* **PROBLEM DETAILS**: Each line in the data holding "have" should be listed.

* **Dataset entries**:
***
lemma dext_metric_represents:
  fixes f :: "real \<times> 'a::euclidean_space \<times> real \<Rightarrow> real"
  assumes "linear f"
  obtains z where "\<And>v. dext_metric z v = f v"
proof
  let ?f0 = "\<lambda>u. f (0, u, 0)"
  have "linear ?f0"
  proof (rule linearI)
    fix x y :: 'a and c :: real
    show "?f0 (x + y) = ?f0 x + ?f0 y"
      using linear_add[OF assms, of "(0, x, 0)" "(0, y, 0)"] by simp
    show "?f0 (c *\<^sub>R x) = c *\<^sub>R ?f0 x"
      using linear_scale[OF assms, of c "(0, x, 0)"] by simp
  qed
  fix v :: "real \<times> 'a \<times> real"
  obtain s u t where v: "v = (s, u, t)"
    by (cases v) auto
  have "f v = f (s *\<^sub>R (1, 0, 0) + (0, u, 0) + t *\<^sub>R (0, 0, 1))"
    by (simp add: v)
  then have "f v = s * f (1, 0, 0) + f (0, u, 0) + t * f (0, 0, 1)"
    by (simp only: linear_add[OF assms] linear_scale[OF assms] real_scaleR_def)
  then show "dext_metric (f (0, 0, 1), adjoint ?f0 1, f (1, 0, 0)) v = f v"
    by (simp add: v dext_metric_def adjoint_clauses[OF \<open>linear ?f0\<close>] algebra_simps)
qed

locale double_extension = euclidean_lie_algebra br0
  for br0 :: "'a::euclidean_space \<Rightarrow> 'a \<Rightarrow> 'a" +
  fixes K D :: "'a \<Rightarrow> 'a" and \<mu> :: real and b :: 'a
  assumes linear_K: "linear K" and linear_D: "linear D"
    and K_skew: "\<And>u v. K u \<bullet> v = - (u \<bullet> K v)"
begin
***
* **ANSWER TO THE EXERCISE**:
  have "linear ?f0"
  have "f v = f (s *\<^sub>R (1, 0, 0) + (0, u, 0) + t *\<^sub>R (0, 0, 1))"
  then have "f v = s * f (1, 0, 0) + f (0, u, 0) + t * f (0, 0, 1)"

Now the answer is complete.